Es ist warm und ich fange an mich vorsichtshalber mit Sonnencreme einzucremen. Ich erinnere mich. ich war 15 – also vor 50 Jahren, als ich in meinem Schulort in den Zug stieg um die 50 Km nach Stuttgart zu fahren. Ich glaube es war sogar mein Geburtstag. Es gab eine große Demo der GEW (Gewerkschaft Erziehung und Wissenschaft) um auf den damals herrschenden Lehrermangel und die schlechten Zustände für Lehrer und Erzieher hinzuweisen. Das war meine erste Demo und heute bin ich wieder einmal bei einer Demo. Das Problem, dass die Sprachqualität der Redebeiträge so schlecht ist, ist immer noch das selbe wie vor 50 Jahren. Vieles von dem was auf der Rednerbühne gesagt wird, bleibt irgendwo an den Häuserwänden im Dschungel der Großstadt hängen oder es hallt so dermaßen wider, dass man leider nicht alles versteht. Doch es macht Spaß, wenn die Redner es verstehen, ihre Rufe mit „Hände hoch“ zu koppeln oder sogar mit einer LaOla-Welle wie im Stadion. Tausende eigene Hände und Körper – fast wie auf einem Festival.
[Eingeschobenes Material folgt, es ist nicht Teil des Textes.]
(* There is a functionally Hausdorff, pseudocompact, first countable semigroup topology $\theta$ on the unit circle $\mathbb T=\{z\in\mathbb C:|z|=1\}$ (as a multiplicative group) which is not a group topology.
   Context: A semigroup topology on a group is a topology making the group multiplication continuous; a group topology additionally makes inversion continuous. A space is functionally Hausdorff if continuous real-valued functions separate its points. A space is pseudocompact if every locally finite family of nonempty open subsets is finite. *)

theory Defs
  imports "HOL-Analysis.Analysis"
begin

definition circle_group :: "complex set" where
  "circle_group = {z. cmod z = 1}"

definition semigroup_topology_on :: "complex set \<Rightarrow> complex topology \<Rightarrow> bool" where
  "semigroup_topology_on G X \<longleftrightarrow>
     topspace X = G \<and>
     continuous_map (prod_topology X X) X (\<lambda>(x, y). x * y)"

definition group_topology_on :: "complex set \<Rightarrow> complex topology \<Rightarrow> bool" where
  "group_topology_on G X \<longleftrightarrow>
     semigroup_topology_on G X \<and> continuous_map X X inverse"

definition functionally_Hausdorff :: "'a topology \<Rightarrow> bool" where
  "functionally_Hausdorff X \<longleftrightarrow>
     (\<forall>x\<in>topspace X. \<forall>y\<in>topspace X. x \<noteq> y \<longrightarrow>
        (\<exists>f. continuous_map X euclideanreal f \<and> f x \<noteq> f y))"

definition pseudocompact :: "'a topology \<Rightarrow> bool" where
  "pseudocompact X \<longleftrightarrow>
     (\<forall>\<A>. (\<forall>U\<in>\<A>. openin X U \<and> U \<noteq> {}) \<and> locally_finite_in X \<A> \<longrightarrow> finite \<A>)"

end

theory Submission
  imports Defs
begin

text \<open>Fix an additive \<open>g : \<real> \<rightarrow> \<real>\<close> that is unbounded above on every neighbourhood of \<open>0\<close>
  (a \<open>\<rat>\<close>-linear map killing \<open>1\<close> and sending an irrational number to \<open>1\<close>), and let the
  neighbourhoods of a point \<open>x\<close> of the circle be the sets of \<open>x \<cdot> cis t\<close> with \<open>t\<close> small and
  \<open>g t \<ge> 0\<close>. The cone \<open>{t. g t \<ge> 0}\<close> is closed under addition, so multiplication is
  continuous; it contains small \<open>t\<close> whose negatives it misses, so inversion is not. The topology
  is finer than the Euclidean one, hence functionally Hausdorff, and it is first countable.
  Since the cone is unbounded near \<open>0\<close>, every basic neighbourhood of \<open>x\<close> is dense in a
  Euclidean arc around \<open>x\<close>, and pseudocompactness follows from the compactness of the
  Euclidean circle.\<close>

lemma functionally_Hausdorff_if_continuous_injection:
  fixes f :: "'a \<Rightarrow> 'b :: metric_space"
  assumes f: "continuous_map X euclidean f" and inj: "inj_on f (topspace X)"
  shows "functionally_Hausdorff X"
  unfolding functionally_Hausdorff_def
proof (intro ballI impI)
  fix x y assume "x \<in> topspace X" "y \<in> topspace X" "x \<noteq> y"
  have "continuous_map X euclideanreal (\<lambda>z. dist (f z) (f x))"
    using continuous_map_compose[OF f, of euclideanreal "\<lambda>w. dist w (f x)"]
    by (simp add: continuous_on_dist o_def)
  moreover have "dist (f x) (f x) \<noteq> dist (f y) (f x)"
    using inj \<open>x \<in> topspace X\<close> \<open>y \<in> topspace X\<close> \<open>x \<noteq> y\<close> by (auto dest: inj_onD)
  ultimately show "\<exists>h. continuous_map X euclideanreal h \<and> h x \<noteq> h y"
    by blast
qed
Doch da wir ja auch wieder zurück fahren wollen und ein Toiletten Gang auch nicht das schlechteste wäre, verlassen wir die Demo wieder
In der nahen Uni können wir kostenlos kurz auf die Toilette und schon sitzen wir wieder auf dem Fahrrad in umgekehrter Richtung.

Wieder über die schöne Brücke der Isar und weiter geht es immer weiter der Isar entlang. Ziel ist der vorher entdeckte Biergarten.
Bei km 38 dann endlich das Schild zum Biergarten und 600 m weiter, dann sind tatsächlich da.


Es ist perfekt. schönes Wetter, schon gesportelt und ein Biergarten mit Bierbänken unter alten Kastanien. Wir suchen uns was leckeres zum Essen aus und ein Getränk.

Wir genießen so richtig die schöne Biergarten Atmosphäre und die Brezen, das Essen und die kühlen Getränke.
Nach eine ausgiebigen Pause entschließen wir uns dann wieder aufzubrechen und den Rest der Heimfahrt anzugehen.
Gestärkt durch die schöne Pause und die gute Laune fahren die Fahrräder plötzlich gefühlt leichter. Und übermütig überholen wir einige E-Biker Radler und schaffen es tatsächlich Abstand zu ihnen hinzubekommen, bis wir sie schließlich nicht mehr hinter uns entdecken können. Mein Puls geht langsam in die Höhe und meine Beine fangen an schwerer zu werden. Doch es ist zu schön um langsamer zu fahren und so halten wir die Geschwindigkeit. Und wupps – schon sind wir an dem Punkt wo wir uns von der Isar wieder wieder verabschieden müssen, um nach Hause zurück zu kehren. Noch 5 km. Wir machen einen kurzen Stopp- Lea hängt ihre Füße in das erfrischende kalte Wasser und ich ruhe mich auf einer Treppe am Ufer der Isar aus und trinke einen Schluck aus der Wasserflasche.
Dann schaffen wir auch zügig die restliche Strecke und sind müde und staubig nach ca. 50 km Schotterstrecke wieder zu Hause angekommen.
Ein Blick auf die Sport App zeigt schöne Werte an. Fast 52 km und bei der Rückfahrt einen Schnitt von 18,8 km / h. Das ist für die erste längere Fahrradtour dieses Jahr ein guter Wert.
Ein wunscherschöner Vater- Tochter Ausflug geht zu Ende. Ein Gefühl der Dankbarkeit und Zufriedenheit stellt sich ein.